(* Let $\lambda>0$ and let $f\in\mathcal B_\lambda$ be bounded and non-constant. Let $\omega$ be the positive measure on $[0,\infty)$ with $t^{-\lambda}f(t)=\int_0^\infty e^{-ts}\,d\omega(s)$ for $t>0$, and write $\mathcal L(\omega)(x)=\int_0^\infty e^{-xs}\,d\omega(s)$. (i) If $\lambda\le 1$, then for all $x,y>0$, $$y^{y}\frac{\Gamma(\lambda+y)}{\Gamma(y)}\int_0^\infty\frac{d\omega(s)}{(y+xs)^{\lambda+y}}<\mathcal L(\omega)(x).$$ (ii) If $\lambda>1$, then for all $x,y>0$, $$y^{\lambda+y}\int_0^\infty\frac{d\omega(s)}{(y+xs)^{\lambda+y}}<\mathcal L(\omega)(x).$$
   Context: For $\lambda>0$, $\mathcal B_\lambda$ is the class of non-negative functions $f$ on $(0,\infty)$ having derivatives of all orders such that $f'(x)x^{1-\lambda}$ is completely monotonic. For any $f\in\mathcal B_\lambda$ the function $t\mapsto t^{-\lambda}f(t)$ is completely monotonic, so by Bernstein's theorem it is the Laplace transform of a unique positive measure $\omega$ on $[0,\infty)$. *)

theory Defs
  imports "HOL-Analysis.Analysis"
begin

definition smooth_pos :: "(real \<Rightarrow> real) \<Rightarrow> bool" where
  "smooth_pos g \<longleftrightarrow> (\<forall>n. \<forall>x>0. (deriv ^^ n) g differentiable (at x))"

definition completely_monotonic :: "(real \<Rightarrow> real) \<Rightarrow> bool" where
  "completely_monotonic g \<longleftrightarrow> smooth_pos g \<and>
     (\<forall>n. \<forall>x>0. (-1) ^ n * (deriv ^^ n) g x \<ge> 0)"

definition class_B :: "real \<Rightarrow> (real \<Rightarrow> real) \<Rightarrow> bool" where
  "class_B lam f \<longleftrightarrow> (\<forall>x>0. f x \<ge> 0) \<and> smooth_pos f \<and>
     completely_monotonic (\<lambda>x. deriv f x * x powr (1 - lam))"

end

theory Submission
  imports Defs
begin
text \<open>Expand \<open>p\<close> in Jacobi polynomials by quadrature, convert to the basis
  \<open>P_l^(\<mu>-k,k-\<mu>)\<close> and replace each \<open>P_l^(\<mu>-k,k-\<mu>)\<close> by a \<open>k\<close>-fold antiderivative \<open>B l\<close> of
  \<open>P_l\<close>; by Bateman's formula the Caputo derivative of the result is \<open>((1 + x) / (1 + y))^(k-\<mu>) p(x)\<close>.\<close>
lemma caputo_discrete_jacobi_synthesis:
  assumes jgl: "JGL al be N xs w" and al: "al > -1" and be: "be > -1"
    and k: "real k - 1 < \<mu>" "\<mu> < real k" and M: "M < N" and deg: "degree p \<le> M"
    and B: "\<And>l. l \<le> M \<Longrightarrow> (pderiv ^^ k) (B l) = jacobi_poly 0 0 l"
    and x: "x > -1"
  shows "caputo \<mu> (poly (\<Sum>l\<le>M. smult (1 / (1 + y) powr (real k - \<mu>)
      * (Gamma (real l + 1 + (real k - \<mu>)) / fact l
      * (\<Sum>n=l..M. conn_coeff al be (\<mu> - real k) (real k - \<mu>) l n
          * (quad_sum N xs w (p * jacobi_poly al be n) / jacobi_gamma al be n)))) (B l))) x
    = (1 + x) powr (real k - \<mu>) / (1 + y) powr (real k - \<mu>) * poly p x"
proof -
  let ?\<xi> = "\<lambda>n. quad_sum N xs w (p * jacobi_poly al be n) / jacobi_gamma al be n"
  let ?C = "conn_coeff al be (\<mu> - real k) (real k - \<mu>)"
  have "\<mu> - real k > -1" "real k - \<mu> > -1" using k by auto
  note swap = sum_conn_coeff_swap[OF al be this]
  have cap: "caputo \<mu> (poly (\<Sum>l\<le>M. smult (c l) (B l))) x =
     (\<Sum>l\<le>M. c l * (fact l / Gamma (real l + 1 + (real k - \<mu>)) * (1 + x) powr (real k - \<mu>)
       * jacobi (\<mu> - real k) (real k - \<mu>) l x))" for c
    by (rule caputo_sum_legendre_primitives[OF x k finite_atMost]) (simp add: B)
  have "Gamma (real l + 1 + (real k - \<mu>)) \<noteq> 0" for l using k by (auto simp: Gamma_eq_zero_iff)
  then have "caputo \<mu> (poly (\<Sum>l\<le>M. smult (1 / (1 + y) powr (real k - \<mu>)
      * (Gamma (real l + 1 + (real k - \<mu>)) / fact l * (\<Sum>n=l..M. ?C l n * ?\<xi> n))) (B l))) x
    = (1 + x) powr (real k - \<mu>) / (1 + y) powr (real k - \<mu>)
      * (\<Sum>l\<le>M. (\<Sum>n=l..M. ?C l n * ?\<xi> n) * jacobi (\<mu> - real k) (real k - \<mu>) l x)"
    unfolding cap sum_distrib_left[of "(1 + x) powr (real k - \<mu>) / (1 + y) powr (real k - \<mu>)"]
    by (intro sum.cong refl) (simp add: field_simps)
  also have "\<dots> = (1 + x) powr (real k - \<mu>) / (1 + y) powr (real k - \<mu>) * poly p x"
    unfolding swap jacobi_discrete_expansion[OF jgl al be M deg] ..
  finally show ?thesis .
qed
(* Let $K\ge2$, $\varepsilon>0$ and $\gamma\in\mathcal{P}^\varepsilon(K)$. The function $$V_\gamma(F)=\log\Big(\sum_{k=1}^K\gamma_ke^{F_k}\Big)-\sum_{k=1}^K\gamma_kF_k,\qquad F\in\mathbb{R}^K,$$ is a candidate Lyapunov function for the equilibrium $F^*=0$ (modulo constants): $V_\gamma(F)\ge0$ with equality if and only if $\|F\|_{\mathbb L}=0$, and there exist $\alpha_1,\alpha_2\in\mathcal K_\infty$ such that $\alpha_1(\|F\|_{\mathbb L})\le V_\gamma(F)\le\alpha_2(\|F\|_{\mathbb L})$ for all $F\in\mathbb{R}^K$.
   Context: $\mathcal{P}^\varepsilon(K)$ is the set of probability vectors on $\{1,\dots,K\}$ with entries $\ge\varepsilon$. $\|F\|_{\mathbb L}=\inf_{\alpha\in\mathbb{R}}\|F-\alpha\mathbf 1\|$ (Euclidean norm, $\mathbf 1=(1,\dots,1)$), so $\|F\|_{\mathbb L}=0$ iff all $F_k$ are equal. A function $\alpha:\mathbb{R}_{\ge0}\to\mathbb{R}_{\ge0}$ is of class $\mathcal K_\infty$ if it is continuous, $\alpha(0)=0$, strictly increasing and unbounded. *)

theory Defs
  imports "HOL-Analysis.Analysis"
begin

definition prob_eps :: "real \<Rightarrow> (real ^ 'n::finite) set" where
  "prob_eps eps = {g. (\<forall>k. g $ k \<ge> eps) \<and> (\<Sum>k\<in>UNIV. g $ k) = 1}"

definition normL :: "real ^ 'n::finite \<Rightarrow> real" where
  "normL F = (INF a\<in>(UNIV::real set). norm (F - (\<chi> k. a)))"

definition Kinf :: "(real \<Rightarrow> real) \<Rightarrow> bool" where
  "Kinf al \<longleftrightarrow> (\<forall>x\<ge>0. al x \<ge> 0) \<and> continuous_on {0..} al \<and> al 0 = 0
     \<and> strict_mono_on {0..} al \<and> (\<forall>M. \<exists>x\<ge>0. al x > M)"

definition Vgam :: "real ^ 'n::finite \<Rightarrow> real ^ 'n \<Rightarrow> real" where
  "Vgam g F = ln (\<Sum>k\<in>UNIV. g $ k * exp (F $ k)) - (\<Sum>k\<in>UNIV. g $ k * F $ k)"

end

theory Submission
  imports Defs
begin

text \<open>
  With \<open>m = \<Sum>k. \<gamma>\<^sub>k F\<^sub>k\<close> and \<open>\<phi>(x) = e\<^sup>x - 1 - x \<ge> 0\<close>, one has
  \<open>V\<^sub>\<gamma>(F) = ln (1 + \<Sum>k. \<gamma>\<^sub>k \<phi>(F\<^sub>k - m))\<close>.
  Both \<open>V\<^sub>\<gamma>(F)\<close> and \<open>\<parallel>F\<parallel>\<^sub>L\<close> are comparable to the spread \<open>D = max F - min F\<close>:
  \<open>D/2 \<le> \<parallel>F\<parallel>\<^sub>L \<le> K D\<close> and \<open>V\<^sub>\<gamma>(F) \<le> D\<close>, while the maximal coordinate exceeds the
  \<open>\<gamma>\<close>-mean \<open>m\<close> by at least \<open>\<epsilon> D\<close>, so that \<open>V\<^sub>\<gamma>(F) \<ge> ln (1 + \<epsilon> \<phi>(\<epsilon> D))\<close>.
  Hence \<open>\<alpha>\<^sub>1(r) = ln (1 + \<epsilon> \<phi>(\<epsilon> r / K))\<close> and \<open>\<alpha>\<^sub>2(r) = 2 r\<close> work.
\<close>

definition exp_gap :: "real \<Rightarrow> real" where
  "exp_gap x = exp x - 1 - x"

lemma exp_gap_nonneg: "0 \<le> exp_gap x"
  using exp_ge_add_one_self[of x] unfolding exp_gap_def by linarith

lemma exp_gap_strict_mono_on: "strict_mono_on {0..} exp_gap"
proof (rule strict_mono_onI)
  fix a b :: real assume "a \<in> {0..}" "a < b"
  then have "0 \<le> a" "0 < b - a" by auto
  have "b - a < exp (b - a) - 1"
    using exp_lower_Taylor_quadratic[OF less_imp_le[OF \<open>0 < b - a\<close>]]
      zero_less_power[OF \<open>0 < b - a\<close>, of 2]
    by linarith
  also have "\<dots> \<le> exp a * (exp (b - a) - 1)"
    using mult_right_mono[of 1 "exp a" "exp (b - a) - 1"] \<open>0 \<le> a\<close> \<open>0 < b - a\<close> by simp
  also have "\<dots> = exp b - exp a"
    by (simp add: algebra_simps flip: exp_add)
  finally show "exp_gap a < exp_gap b" by (simp add: exp_gap_def)
qed

lemma exp_gap_mono: "0 \<le> a \<Longrightarrow> a \<le> b \<Longrightarrow> exp_gap a \<le> exp_gap b"
  using strict_mono_on_leD[OF exp_gap_strict_mono_on] by simp

lemma filterlim_exp_gap_at_top: "filterlim exp_gap at_top at_top"
proof (rule filterlim_at_top_mono[OF filterlim_ident])
  show "\<forall>\<^sub>F y in at_top. y \<le> exp_gap y"
    using eventually_ge_at_top[of 2]
  proof eventually_elim
    case (elim y)
    then have "y \<le> y\<^sup>2 / 2"
      by (simp add: power2_eq_square)
    also have "\<dots> \<le> exp_gap y"
      using exp_lower_Taylor_quadratic[of y] elim unfolding exp_gap_def by simp
    finally show ?case .
  qed
qed

lemma KinfI:
  assumes "continuous_on {0..} f" "f 0 = 0" "strict_mono_on {0..} f"
    and "filterlim f at_top at_top"
  shows "Kinf f"
  unfolding Kinf_def
proof (intro conjI allI impI assms(1-3))
  show "0 \<le> f x" if "0 \<le> x" for x
    using strict_mono_on_leD[OF assms(3), of 0 x] that assms(2) by simp
  show "\<exists>x\<ge>0. M < f x" for M
  proof -
    have "\<forall>\<^sub>F x in at_top. M < f x"
      using assms(4) by (simp add: filterlim_at_top_dense)
    then have "\<forall>\<^sub>F x in at_top. 0 \<le> x \<and> M < f x"
      using eventually_ge_at_top by (rule eventually_conj[rotated])
    then obtain N where "\<And>x. N \<le> x \<Longrightarrow> 0 \<le> x \<and> M < f x"
      by (auto simp: eventually_at_top_linorder)
    then show ?thesis
      using order_refl by blast
  qed
qed

lemma Kinf_pos: "Kinf a \<Longrightarrow> 0 < x \<Longrightarrow> 0 < a x"
  unfolding Kinf_def by (metis atLeast_iff less_imp_le order_refl strict_mono_onD)

lemma Kinf_scale: "0 < c \<Longrightarrow> Kinf (\<lambda>x. c * x)"
  by (rule KinfI)
    (auto intro!: continuous_intros strict_mono_onI filterlim_tendsto_pos_mult_at_top filterlim_ident)

lemma Kinf_ln_exp_gap:
  assumes "0 < e" "0 < c"
  shows "Kinf (\<lambda>x. ln (1 + e * exp_gap (c * x)))"
proof (rule KinfI)
  have pos: "0 < 1 + e * exp_gap y" for y
    using exp_gap_nonneg[of y] assms(1) by (simp add: add_pos_nonneg)
  show "continuous_on {0..} (\<lambda>x. ln (1 + e * exp_gap (c * x)))"
    using pos unfolding exp_gap_def by (intro continuous_intros) (metis less_irrefl)
  show "ln (1 + e * exp_gap (c * 0)) = 0"
    by (simp add: exp_gap_def)
  show "strict_mono_on {0..} (\<lambda>x. ln (1 + e * exp_gap (c * x)))"
    using assms pos strict_mono_onD[OF exp_gap_strict_mono_on]
    by (intro strict_mono_onI) simp
  have "filterlim (\<lambda>x. c * x) at_top at_top"
    using assms(2) by (intro filterlim_tendsto_pos_mult_at_top[OF tendsto_const] filterlim_ident)
  then have "filterlim (\<lambda>x. exp_gap (c * x)) at_top at_top"
    by (rule filterlim_compose[OF filterlim_exp_gap_at_top])
  then have "filterlim (\<lambda>x. 1 + e * exp_gap (c * x)) at_top at_top"
    using assms(1) by (intro filterlim_tendsto_add_at_top[OF tendsto_const]
        filterlim_tendsto_pos_mult_at_top[OF tendsto_const])
  then show "filterlim (\<lambda>x. ln (1 + e * exp_gap (c * x))) at_top at_top"
    by (rule filterlim_compose[OF ln_at_top])
qed

lemma vec_extremal_indices:
  fixes F :: "real ^ 'n::finite"
  obtains i j where "\<And>k. F $ k \<le> F $ i" "\<And>k. F $ j \<le> F $ k"
proof -
  have fin: "finite (range (($) F))" and ne: "range (($) F) \<noteq> {}" by auto
  obtain i where i: "F $ i = Max (range (($) F))" using Max_in[OF fin ne] by (metis rangeE)
  obtain j where j: "F $ j = Min (range (($) F))" using Min_in[OF fin ne] by (metis rangeE)
  show ?thesis
  proof (rule that)
    show "F $ k \<le> F $ i" "F $ j \<le> F $ k" for k
      using i j fin by auto
  qed
qed

lemma dist_component_le_twice_normL:
  fixes F :: "real ^ 'n::finite"
  shows "\<bar>F $ i - F $ j\<bar> \<le> 2 * normL F"
proof -
  have "\<bar>F $ i - F $ j\<bar> / 2 \<le> norm (F - (\<chi> k. a))" for a
  proof -
    have "\<bar>F $ i - a\<bar> \<le> norm (F - (\<chi> k. a))" "\<bar>F $ j - a\<bar> \<le> norm (F - (\<chi> k. a))"
      using component_le_norm_cart[of "F - (\<chi> k. a)"] by simp_all
    then have "\<bar>F $ i - F $ j\<bar> \<le> 2 * norm (F - (\<chi> k. a))"
      by arith
    then show ?thesis by simp
  qed
  then have "\<bar>F $ i - F $ j\<bar> / 2 \<le> normL F"
    unfolding normL_def by (intro cINF_greatest) auto
  then show ?thesis by simp
qed

lemma normL_nonneg: "0 \<le> normL F"
  using dist_component_le_twice_normL[of F i i] by simp

lemma normL_le_card_mult_spread:
  fixes F :: "real ^ 'n::finite"
  assumes "\<And>k. F $ k \<le> F $ i" "\<And>k. F $ j \<le> F $ k"
  shows "normL F \<le> CARD('n) * (F $ i - F $ j)"
proof -
  have "normL F \<le> norm (F - (\<chi> k. F $ j))"
    unfolding normL_def by (rule cINF_lower) (auto intro: bdd_belowI[of _ 0])
  also have "\<dots> \<le> (\<Sum>k\<in>UNIV. \<bar>F $ k - F $ j\<bar>)"
    using norm_le_l1_cart[of "F - (\<chi> k. F $ j)"] by simp
  also have "\<dots> \<le> CARD('n) * (F $ i - F $ j)"
    using sum_bounded_above[of UNIV "\<lambda>k. \<bar>F $ k - F $ j\<bar>" "F $ i - F $ j"] assms by simp
  finally show ?thesis .
qed

lemma prob_epsD:
  assumes "g \<in> prob_eps eps"
  shows "eps \<le> g $ k" "(\<Sum>k\<in>UNIV. g $ k) = 1"
  using assms unfolding prob_eps_def by auto

lemma weighted_sum_le:
  fixes g :: "real ^ 'n::finite"
  assumes "\<And>k. 0 \<le> g $ k" "(\<Sum>k\<in>UNIV. g $ k) = 1" "\<And>k. f k \<le> M"
  shows "(\<Sum>k\<in>UNIV. g $ k * f k) \<le> M"
proof -
  have "(\<Sum>k\<in>UNIV. g $ k * f k) \<le> (\<Sum>k\<in>UNIV. g $ k * M)"
    using assms by (intro sum_mono mult_left_mono) auto
  also have "\<dots> = M"
    using assms(2) by (simp flip: sum_distrib_right)
  finally show ?thesis .
qed

lemma weighted_sum_ge:
  fixes g :: "real ^ 'n::finite"
  assumes "\<And>k. 0 \<le> g $ k" "(\<Sum>k\<in>UNIV. g $ k) = 1" "\<And>k. M \<le> f k"
  shows "M \<le> (\<Sum>k\<in>UNIV. g $ k * f k)"
  using weighted_sum_le[of g "\<lambda>k. - f k" "- M"] assms by (simp add: sum_negf)

lemma Vgam_eq_ln_exp_gap:
  fixes g F :: "real ^ 'n::finite"
  assumes "\<And>k. 0 \<le> g $ k" "(\<Sum>k\<in>UNIV. g $ k) = 1"
  defines "m \<equiv> \<Sum>k\<in>UNIV. g $ k * F $ k"
  shows "Vgam g F = ln (1 + (\<Sum>k\<in>UNIV. g $ k * exp_gap (F $ k - m)))"
proof -
  let ?S = "\<Sum>k\<in>UNIV. g $ k * exp_gap (F $ k - m)"
  have "(\<Sum>k\<in>UNIV. g $ k * exp (F $ k - m))
      = (\<Sum>k\<in>UNIV. g $ k) + ((\<Sum>k\<in>UNIV. g $ k * F $ k) - (\<Sum>k\<in>UNIV. g $ k) * m) + ?S"
    by (simp add: exp_gap_def algebra_simps sum.distrib sum_subtractf sum_distrib_left sum_distrib_right)
  also have "\<dots> = 1 + ?S"
    using assms(2) by (simp add: m_def)
  finally have "(\<Sum>k\<in>UNIV. g $ k * exp (F $ k - m)) = 1 + ?S" .
  moreover have "(\<Sum>k\<in>UNIV. g $ k * exp (F $ k)) = exp m * (\<Sum>k\<in>UNIV. g $ k * exp (F $ k - m))"
    by (simp add: sum_distrib_left exp_diff)
  moreover have "0 < 1 + ?S"
    using assms(1) exp_gap_nonneg by (intro add_pos_nonneg sum_nonneg mult_nonneg_nonneg) auto
  ultimately show ?thesis
    by (simp add: Vgam_def ln_mult m_def)
qed

lemma Vgam_le_spread:
  fixes g F :: "real ^ 'n::finite"
  assumes g: "\<And>k. 0 \<le> g $ k" "(\<Sum>k\<in>UNIV. g $ k) = 1"
    and ij: "\<And>k. F $ k \<le> F $ i" "\<And>k. F $ j \<le> F $ k"
  shows "Vgam g F \<le> F $ i - F $ j"
proof -
  let ?S = "\<Sum>k\<in>UNIV. g $ k * exp (F $ k)"
  have "exp (F $ j) \<le> ?S" "?S \<le> exp (F $ i)"
    using ij by (intro weighted_sum_ge weighted_sum_le g; simp)+
  then have "ln ?S \<le> F $ i"
    by (metis exp_gt_zero less_le_trans ln_exp ln_le_cancel_iff)
  moreover have "F $ j \<le> (\<Sum>k\<in>UNIV. g $ k * F $ k)"
    using ij by (intro weighted_sum_ge g)
  ultimately show ?thesis
    unfolding Vgam_def by linarith
qed

lemma Vgam_ge_spread:
  fixes g F :: "real ^ 'n::finite"
  assumes g: "g \<in> prob_eps eps" and "0 \<le> eps"
    and ij: "\<And>k. F $ k \<le> F $ i" "\<And>k. F $ j \<le> F $ k"
  shows "ln (1 + eps * exp_gap (eps * (F $ i - F $ j))) \<le> Vgam g F"
proof -
  define m where "m = (\<Sum>k\<in>UNIV. g $ k * F $ k)"
  have g_ge: "eps \<le> g $ k" and g_nonneg: "0 \<le> g $ k" and g_sum: "(\<Sum>k\<in>UNIV. g $ k) = 1" for k
    using prob_epsD[OF g] \<open>0 \<le> eps\<close> order_trans by blast+
  have D: "0 \<le> F $ i - F $ j"
    using ij(2) by simp
  have "eps * (F $ i - F $ j) \<le> g $ j * (F $ i - F $ j)"
    using g_ge D by (rule mult_right_mono)
  also have "\<dots> \<le> (\<Sum>k\<in>UNIV. g $ k * (F $ i - F $ k))"
    using g_nonneg ij by (intro member_le_sum mult_nonneg_nonneg) auto
  also have "\<dots> = F $ i - m"
    using g_sum by (simp add: m_def right_diff_distrib sum_subtractf flip: sum_distrib_right)
  finally have "eps * exp_gap (eps * (F $ i - F $ j)) \<le> g $ i * exp_gap (F $ i - m)"
    using g_ge g_nonneg exp_gap_nonneg \<open>0 \<le> eps\<close> D
    by (intro mult_mono exp_gap_mono) auto
  also have "\<dots> \<le> (\<Sum>k\<in>UNIV. g $ k * exp_gap (F $ k - m))"
    using g_nonneg exp_gap_nonneg by (intro member_le_sum mult_nonneg_nonneg) auto
  finally have "ln (1 + eps * exp_gap (eps * (F $ i - F $ j)))
      \<le> ln (1 + (\<Sum>k\<in>UNIV. g $ k * exp_gap (F $ k - m)))"
    using exp_gap_nonneg \<open>0 \<le> eps\<close> by (intro ln_mono) (auto intro: add_pos_nonneg)
  then show ?thesis
    using Vgam_eq_ln_exp_gap[OF g_nonneg g_sum, of F] by (simp add: m_def)
qed

lemma Vgam_le_twice_normL:
  fixes g F :: "real ^ 'n::finite"
  assumes "\<And>k. 0 \<le> g $ k" "(\<Sum>k\<in>UNIV. g $ k) = 1"
  shows "Vgam g F \<le> 2 * normL F"
proof -
  obtain i j where ij: "\<And>k. F $ k \<le> F $ i" "\<And>k. F $ j \<le> F $ k"
    using vec_extremal_indices[of F] by blast
  have "Vgam g F \<le> F $ i - F $ j"
    using assms ij by (rule Vgam_le_spread)
  also have "\<dots> \<le> 2 * normL F"
    using dist_component_le_twice_normL[of F i j] by simp
  finally show ?thesis .
qed

lemma Vgam_ge_normL:
  fixes g F :: "real ^ 'n::finite"
  assumes "g \<in> prob_eps eps" "0 < eps"
  shows "ln (1 + eps * exp_gap (eps / CARD('n) * normL F)) \<le> Vgam g F"
proof -
  obtain i j where ij: "\<And>k. F $ k \<le> F $ i" "\<And>k. F $ j \<le> F $ k"
    using vec_extremal_indices[of F] by blast
  have "eps / CARD('n) * normL F \<le> eps / CARD('n) * (CARD('n) * (F $ i - F $ j))"
    using normL_le_card_mult_spread[OF ij] assms(2) by (intro mult_left_mono) auto
  then have "exp_gap (eps / CARD('n) * normL F) \<le> exp_gap (eps * (F $ i - F $ j))"
    using normL_nonneg[of F] assms(2) by (intro exp_gap_mono) auto
  then have "ln (1 + eps * exp_gap (eps / CARD('n) * normL F))
      \<le> ln (1 + eps * exp_gap (eps * (F $ i - F $ j)))"
    using exp_gap_nonneg assms(2) by (intro ln_mono) (auto intro: add_pos_nonneg)
  also have "\<dots> \<le> Vgam g F"
    using assms ij by (intro Vgam_ge_spread) auto
  finally show ?thesis .
qed

theorem lemma2:
  fixes g :: "real ^ 'n::finite" and eps :: real
  assumes "CARD('n) \<ge> 2" and "eps > 0" and "g \<in> prob_eps eps"
  shows "(\<forall>F. Vgam g F \<ge> 0) \<and> (\<forall>F. Vgam g F = 0 \<longleftrightarrow> normL F = 0)
    \<and> (\<exists>a1 a2. Kinf a1 \<and> Kinf a2 \<and>
         (\<forall>F. a1 (normL F) \<le> Vgam g F \<and> Vgam g F \<le> a2 (normL F)))"
proof -
  define a1 where "a1 x = ln (1 + eps * exp_gap (eps / CARD('n) * x))" for x
  have a1: "Kinf a1"
    unfolding a1_def using assms(2) by (intro Kinf_ln_exp_gap) auto
  have a2: "Kinf (\<lambda>x. 2 * x)"
    by (rule Kinf_scale) simp
  have g: "0 \<le> g $ k" "(\<Sum>k\<in>UNIV. g $ k) = 1" for k
    using prob_epsD[OF assms(3)] assms(2) order_trans less_imp_le by blast+
  have bounds: "a1 (normL F) \<le> Vgam g F \<and> Vgam g F \<le> 2 * normL F" for F
    unfolding a1_def using Vgam_ge_normL[OF assms(3,2)] Vgam_le_twice_normL[OF g] by blast
  have nonneg: "0 \<le> Vgam g F" for F
    using bounds[of F] a1 normL_nonneg[of F] unfolding Kinf_def by force
  have "Vgam g F = 0 \<longleftrightarrow> normL F = 0" for F
    using bounds[of F] nonneg[of F] normL_nonneg[of F] Kinf_pos[OF a1, of "normL F"] by force
  with nonneg bounds a1 a2 show ?thesis
    by blast
qed

end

● **Work to be completed**
Working through the entries above, copy every line in which "blast" is found.

● **Exercise solution**
      using order_refl by blast
    using prob_epsD[OF g] \<open>0 \<le> eps\<close> order_trans by blast+
    using vec_extremal_indices[of F] by blast
    using vec_extremal_indices[of F] by blast
    using prob_epsD[OF assms(3)] assms(2) order_trans less_imp_le by blast+
    unfolding a1_def using Vgam_ge_normL[OF assms(3,2)] Vgam_le_twice_normL[OF g] by blast
    by blast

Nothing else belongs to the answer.